No. 432 Squadron RCAF was a squadron of the Royal Canadian Air Force formed during the Second World War.

History
It was first formed at RAF Skipton-on-Swale in May 1943, as part of No. 6 Group of RAF Bomber Command. The unit was equipped with Wellington Mk.X bombers.

The squadron deployed to RAF East Moor in mid-September, equipping with Lancaster Mk.IIs in October. In February 1944 they changed to Halifax Mk.IIIs, upgrading these to Halifax Mk.VIIs in July.

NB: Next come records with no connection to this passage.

(* In the construction below, if there exists an admissible solution $E^*$ of the constructed CSCN instance, then there exists a connected subgraph $H$ of $G'$ with $S\subseteq V(H)$ and $|E(H)|\le 2k$ (an admissible solution of the Steiner Tree instance).
   Context: Let $G'=(V',E')$ be a connected undirected graph, let $S=\{u_1,\dots,u_s\}\subseteq V'$ with $s=|S|$, and let $k\ge 0$ be a real number with $|E'|\ge 2k$. (Viewing every edge of $G'$ as having weight $\frac12$, the Steiner Tree instance asks for a connected subgraph $H$ of $G'$ with $S\subseteq V(H)$ and total edge weight at most $k$, i.e. $|E(H)|\le 2k$.) Let $t\ge 1$ be an integer. Let $V = V'\cup\{v_{i,j} : 1\le i\le s,\ 1\le j\le t\}$ (the $v_{i,j}$ are new vertices) and let $E$ be the set of all pairs of vertices of $V$ (edges undirected). Define $w^*:E\to\mathbb{R}$ by: $w^*(\{v_{i,j},u_i\})=1$ for all $i,j$; $w^*(\{v_{i,j},u\})=0$ for every $u\in V\setminus\{u_i\}$; $w^*(e)=\frac12$ for every $e\in E'$; $w^*(\{u,u'\})=0$ for $u,u'\in V'$ with $\{u,u'\}\notin E'$. Set $A=\frac{st+k}{st+2k}$ and $B=\frac{\frac12(|E'|-2k)}{st+2k}$. For nonempty $E^*\subseteq E$ let $\alpha(E^* )=\frac{\sum_{e\in E^*}w^*(e)}{|E^*|}$ and $\beta(E^* )=\frac{\sum_{e\in E\setminus E^*}w^*(e)}{|E^*|}$. The graph induced by $E^*$ has vertex set the vertices incident to some edge of $E^*$ and edge set $E^*$. An admissible solution of the constructed CSCN instance is a nonempty $E^*\subseteq E$ whose induced graph is connected and which satisfies $\alpha(E^* )\ge A$ and $\beta(E^* )\le B$. *)

theory Defs
  imports Complex_Main
begin

(* Undirected simple graphs: vertex set V, edge set F of 2-element vertex sets. *)
definition adj_rel :: "'a set set \<Rightarrow> ('a \<times> 'a) set" where
  "adj_rel F = {(x, y). {x, y} \<in> F}"

definition connected_graph :: "'a set \<Rightarrow> 'a set set \<Rightarrow> bool" where
  "connected_graph V F \<longleftrightarrow> V \<noteq> {} \<and> (\<forall>e\<in>F. e \<subseteq> V \<and> card e = 2) \<and>
     (\<forall>x\<in>V. \<forall>y\<in>V. (x, y) \<in> (adj_rel F)\<^sup>*)"

(* Constructed instance. Vertices: Inl u for u in V', Inr (i,j) for v_{i,j}. *)
definition cscn_V :: "'a set \<Rightarrow> nat \<Rightarrow> nat \<Rightarrow> ('a + nat \<times> nat) set" where
  "cscn_V V' s t = Inl ` V' \<union> Inr ` ({1..s} \<times> {1..t})"

definition cscn_E :: "'a set \<Rightarrow> nat \<Rightarrow> nat \<Rightarrow> ('a + nat \<times> nat) set set" where
  "cscn_E V' s t = {e. e \<subseteq> cscn_V V' s t \<and> card e = 2}"

(* the weight w^*; u i is the terminal u_i *)
definition wstar :: "'a set set \<Rightarrow> (nat \<Rightarrow> 'a) \<Rightarrow> ('a + nat \<times> nat) set \<Rightarrow> real" where
  "wstar E' u e =
    (if \<exists>i j. e = {Inr (i, j), Inl (u i)} then 1
     else if \<exists>i j x. e = {Inr (i, j), x} then 0
     else if \<exists>a b. e = {Inl a, Inl b} \<and> {a, b} \<in> E' then 1/2
     else 0)"

definition cscn_alpha :: "'a set set \<Rightarrow> (nat \<Rightarrow> 'a) \<Rightarrow> ('a + nat \<times> nat) set set \<Rightarrow> real" where
  "cscn_alpha E' u Es = (\<Sum>e\<in>Es. wstar E' u e) / real (card Es)"

definition cscn_beta :: "'a set \<Rightarrow> 'a set set \<Rightarrow> (nat \<Rightarrow> 'a) \<Rightarrow> nat \<Rightarrow> nat \<Rightarrow>
    ('a + nat \<times> nat) set set \<Rightarrow> real" where
  "cscn_beta V' E' u s t Es = (\<Sum>e\<in>cscn_E V' s t - Es. wstar E' u e) / real (card Es)"

definition cscn_A :: "nat \<Rightarrow> nat \<Rightarrow> real \<Rightarrow> real" where
  "cscn_A s t k = (real s * real t + k) / (real s * real t + 2 * k)"

definition cscn_B :: "'a set set \<Rightarrow> nat \<Rightarrow> nat \<Rightarrow> real \<Rightarrow> real" where
  "cscn_B E' s t k = ((1/2) * (real (card E') - 2 * k)) / (real s * real t + 2 * k)"

definition cscn_admissible :: "'a set \<Rightarrow> 'a set set \<Rightarrow> (nat \<Rightarrow> 'a) \<Rightarrow> nat \<Rightarrow> nat \<Rightarrow> real \<Rightarrow>
    ('a + nat \<times> nat) set set \<Rightarrow> bool" where
  "cscn_admissible V' E' u s t k Es \<longleftrightarrow>
     Es \<noteq> {} \<and> Es \<subseteq> cscn_E V' s t \<and> connected_graph (\<Union>Es) Es \<and>
     cscn_alpha E' u Es \<ge> cscn_A s t k \<and> cscn_beta V' E' u s t Es \<le> cscn_B E' s t k"

end

theory Submission imports Defs begin

text \<open>
  With \<open>S = st\<close> and \<open>P = |E'|/2\<close>, the total weight is at least \<open>S + P\<close>: the \<open>st\<close> edges
  \<open>{v\<^sub>i\<^sub>j, u\<^sub>i}\<close> weigh 1 and the edges of \<open>G'\<close> weigh \<open>1/2\<close>. If a solution picks \<open>x\<close> edges of
  weight 1, \<open>y\<close> of weight \<open>1/2\<close> and \<open>z\<close> of weight 0, the \<open>\<alpha>\<close>- and \<open>\<beta>\<close>-constraints together
  give chosen weight \<open>x + y/2 \<ge> S + k\<close>, and then the \<open>\<alpha>\<close>-constraint alone forces \<open>x = S\<close>,
  \<open>z = 0\<close> and \<open>y \<le> 2k\<close>. Contracting every \<open>v\<^sub>i\<^sub>j\<close> into \<open>u\<^sub>i\<close> maps the solution onto a
  connected subgraph of \<open>G'\<close> that contains all terminals and whose edges are images of
  the \<open>y\<close> chosen edges of weight \<open>1/2\<close>.
\<close>

definition image_edges :: "('a \<Rightarrow> 'b) \<Rightarrow> 'a set set \<Rightarrow> 'b set set" where
  "image_edges f F = {f ` e | e. e \<in> F \<and> card (f ` e) = 2}"

lemma connected_graph_image:
  assumes "connected_graph V F"
  shows "connected_graph (f ` V) (image_edges f F)" (is "connected_graph _ ?F")
proof -
  have edge_image: "(f p, f q) \<in> (adj_rel ?F)\<^sup>*" if "(p, q) \<in> adj_rel F" for p q
  proof (cases "f p = f q")
    case False
    have "{p, q} \<in> F" using that by (simp add: adj_rel_def)
    moreover have "card (f ` {p, q}) = 2" using False by simp
    ultimately have "f ` {p, q} \<in> ?F" unfolding image_edges_def by blast
    then have "(f p, f q) \<in> adj_rel ?F" by (simp add: adj_rel_def)
    then show ?thesis by blast
  qed simp
  have reach: "(f p, f q) \<in> (adj_rel ?F)\<^sup>*" if "(p, q) \<in> (adj_rel F)\<^sup>*" for p q
    using that
  proof induction
    case (step q r)
    show ?case using step.IH step.hyps(2)[THEN edge_image] by (rule rtrancl_trans)
  qed simp
  have "e \<subseteq> f ` V \<and> card e = 2" if "e \<in> ?F" for e
    using that assms by (auto simp: image_edges_def connected_graph_def)
  moreover have "(x, y) \<in> (adj_rel ?F)\<^sup>*" if "x \<in> f ` V" "y \<in> f ` V" for x y
    using that assms reach unfolding connected_graph_def by blast
  moreover have "f ` V \<noteq> {}" using assms by (simp add: connected_graph_def)
  ultimately show ?thesis
    unfolding connected_graph_def by blast
qed

lemma card_image_edges_le:
  assumes "finite F"
  shows "card (image_edges f F) \<le> card {e \<in> F. card (f ` e) = 2}"
proof -
  have "image_edges f F = image f ` {e \<in> F. card (f ` e) = 2}"
    by (auto simp: image_edges_def)
  then show ?thesis using assms by (simp add: card_image_le)
qed

lemma wstar_cases: "wstar E' u e = 0 \<or> wstar E' u e = 1/2 \<or> wstar E' u e = 1"
  unfolding wstar_def by auto

lemma wstar_eq_1_iff: "wstar E' u e = 1 \<longleftrightarrow> (\<exists>i j. e = {Inr (i, j), Inl (u i)})"
  unfolding wstar_def by auto

lemma wstar_eq_half_imp:
  "wstar E' u e = 1/2 \<Longrightarrow> \<exists>a b. e = {Inl a, Inl b} \<and> {a, b} \<in> E'"
  unfolding wstar_def by (auto split: if_splits)

lemma wstar_Inl_edge: "{a, b} \<in> E' \<Longrightarrow> wstar E' u {Inl a, Inl b} = 1/2"
  unfolding wstar_def by (auto simp: doubleton_eq_iff)

lemma finite_cscn_E: "finite V' \<Longrightarrow> finite (cscn_E V' s t)"
  unfolding cscn_E_def cscn_V_def
  by (rule finite_subset[of _ "Pow (Inl ` V' \<union> Inr ` ({1..s} \<times> {1..t}))"]) auto

lemma heavy_edges_eq:
  assumes "u ` {1..s} \<subseteq> V'"
  shows "{e \<in> cscn_E V' s t. wstar E' u e = 1}
           = (\<lambda>(i, j). {Inr (i, j), Inl (u i)}) ` ({1..s} \<times> {1..t})"
  using assms by (auto simp: wstar_eq_1_iff cscn_E_def cscn_V_def)

lemma card_heavy_edges:
  assumes "u ` {1..s} \<subseteq> V'"
  shows "card {e \<in> cscn_E V' s t. wstar E' u e = 1} = s * t"
proof -
  have "inj_on (\<lambda>(i, j). {Inr (i, j), Inl (u i)}) ({1..s} \<times> {1..t})"
    by (auto simp: inj_on_def doubleton_eq_iff)
  then show ?thesis by (simp add: heavy_edges_eq[OF assms] card_image)
qed

lemma card_half_edges_ge:
  fixes V' :: "'a set"
  assumes "finite V'" "connected_graph V' E'"
  shows "card E' \<le> card {e \<in> cscn_E V' s t. wstar E' u e = 1/2}"
proof -
  let ?embed = "image (Inl :: 'a \<Rightarrow> 'a + nat \<times> nat)"
  have "?embed ` E' \<subseteq> {e \<in> cscn_E V' s t. wstar E' u e = 1/2}"
  proof
    fix f assume "f \<in> ?embed ` E'"
    then obtain e where e: "e \<in> E'" "f = Inl ` e" by blast
    then have "e \<subseteq> V'" "card e = 2" using assms(2) by (auto simp: connected_graph_def)
    then obtain a b where "e = {a, b}" "a \<noteq> b" "a \<in> V'" "b \<in> V'" by (auto simp: card_2_iff)
    with e have "{a, b} \<in> E'" "f = {Inl a, Inl b}" "a \<noteq> b" "a \<in> V'" "b \<in> V'" by auto
    then show "f \<in> {e \<in> cscn_E V' s t. wstar E' u e = 1/2}"
      by (simp add: wstar_Inl_edge cscn_E_def cscn_V_def)
  qed
  then have "card (?embed ` E') \<le> card {e \<in> cscn_E V' s t. wstar E' u e = 1/2}"
    using finite_cscn_E[OF assms(1)] by (simp add: card_mono)
  moreover have "inj_on ?embed E'"
    by (meson inj_Inl inj_image_eq_iff inj_onI)
  ultimately show ?thesis by (simp add: card_image)
qed

lemma sum_wstar_eq:
  assumes "finite F"
  shows "sum (wstar E' u) F
           = card {e \<in> F. wstar E' u e = 1} + card {e \<in> F. wstar E' u e = 1/2} / 2"
proof -
  have "sum (wstar E' u) F
          = (\<Sum>e\<in>F. (if wstar E' u e = 1 then 1 else 0) + (if wstar E' u e = 1/2 then 1/2 else 0))"
    by (rule sum.cong) (use wstar_cases in auto)
  then show ?thesis
    using assms by (simp add: sum.distrib sum.inter_filter[symmetric])
qed

lemma card_eq_by_wstar:
  assumes "finite F"
  shows "real (card F) = card {e \<in> F. wstar E' u e = 1} + card {e \<in> F. wstar E' u e = 1/2}
                          + card {e \<in> F. wstar E' u e = 0}"
proof -
  have "real (card F) = (\<Sum>e\<in>F. (if wstar E' u e = 1 then 1 else 0)
          + (if wstar E' u e = 1/2 then 1 else 0) + (if wstar E' u e = 0 then 1 else 0))"
    unfolding card_eq_sum of_nat_sum by (rule sum.cong) (use wstar_cases in auto)
  then show ?thesis
    using assms by (simp add: sum.distrib sum.inter_filter[symmetric])
qed

lemma sum_wstar_cscn_E_ge:
  assumes "finite V'" "connected_graph V' E'" "u ` {1..s} \<subseteq> V'"
  shows "real s * real t + card E' / 2 \<le> sum (wstar E' u) (cscn_E V' s t)"
  using sum_wstar_eq[OF finite_cscn_E[OF assms(1)]] card_heavy_edges[OF assms(3)]
    card_half_edges_ge[OF assms(1,2)] by simp

lemma ratio_constraints_force_tight:
  fixes S K P x y z :: real
  assumes "S > 0" "K \<ge> 0" "K \<le> P" "0 \<le> x" "x \<le> S" "0 \<le> y" "0 \<le> z"
    and alpha: "(x + y + z) * (S + K) \<le> (x + y/2) * (S + 2*K)"
    and beta: "(S + P - (x + y/2)) * (S + 2*K) \<le> (x + y + z) * (P - K)"
  shows "x = S \<and> z = 0 \<and> y \<le> 2*K"
proof -
  define w where "w = x + y/2"
  \<comment> \<open>scaling \<open>beta\<close> by \<open>S + K\<close> and \<open>alpha\<close> by \<open>P - K\<close> eliminates \<open>x + y + z\<close>\<close>
  have "(S + P - w) * (S + 2*K) * (S + K) \<le> (x + y + z) * (S + K) * (P - K)"
    using mult_right_mono[OF beta, of "S + K"] assms by (simp add: w_def mult_ac)
  also have "\<dots> \<le> w * (S + 2*K) * (P - K)"
    using mult_right_mono[OF alpha, of "P - K"] assms by (simp add: w_def)
  finally have "(S + P - w) * (S + K) \<le> w * (P - K)"
    using assms by (simp add: mult.assoc mult.commute[of _ "S + 2*K"])
  then have "(S + P) * (S + K) \<le> (S + P) * w" by (simp add: algebra_simps)
  then have weight_ge: "S + K \<le> w" using assms by simp
  have "y * S / 2 + z * (S + K) \<le> x * K" using alpha by (simp add: algebra_simps)
  moreover have "(S + K - x) * S \<le> y * S / 2" using weight_ge assms by (simp add: w_def)
  ultimately have "(S + K) * (S - x + z) \<le> 0" by (simp add: algebra_simps)
  then have "S - x + z \<le> 0" using assms by (simp add: mult_le_0_iff)
  then have "x = S" "z = 0" using assms by auto
  then show ?thesis using \<open>y * S / 2 + z * (S + K) \<le> x * K\<close> assms by simp
qed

As part of a Royal Canadian Air Force public relations plan, the town of Leaside officially "adopted" No. 432 Squadron RCAF. Formed and adopted on 1 May 1943 the squadron took the town's name as its nickname, becoming 432 "Leaside" Squadron RCAF. The sponsorship lasted the duration of the war.

The squadron was disbanded at East Moor in May, 1945.

On October 1, 1954, it was reformed as a fighter squadron at CFB Bagotville flying the Canadian designed Avro CF-100. The squadron was again disbanded on October 15, 1961.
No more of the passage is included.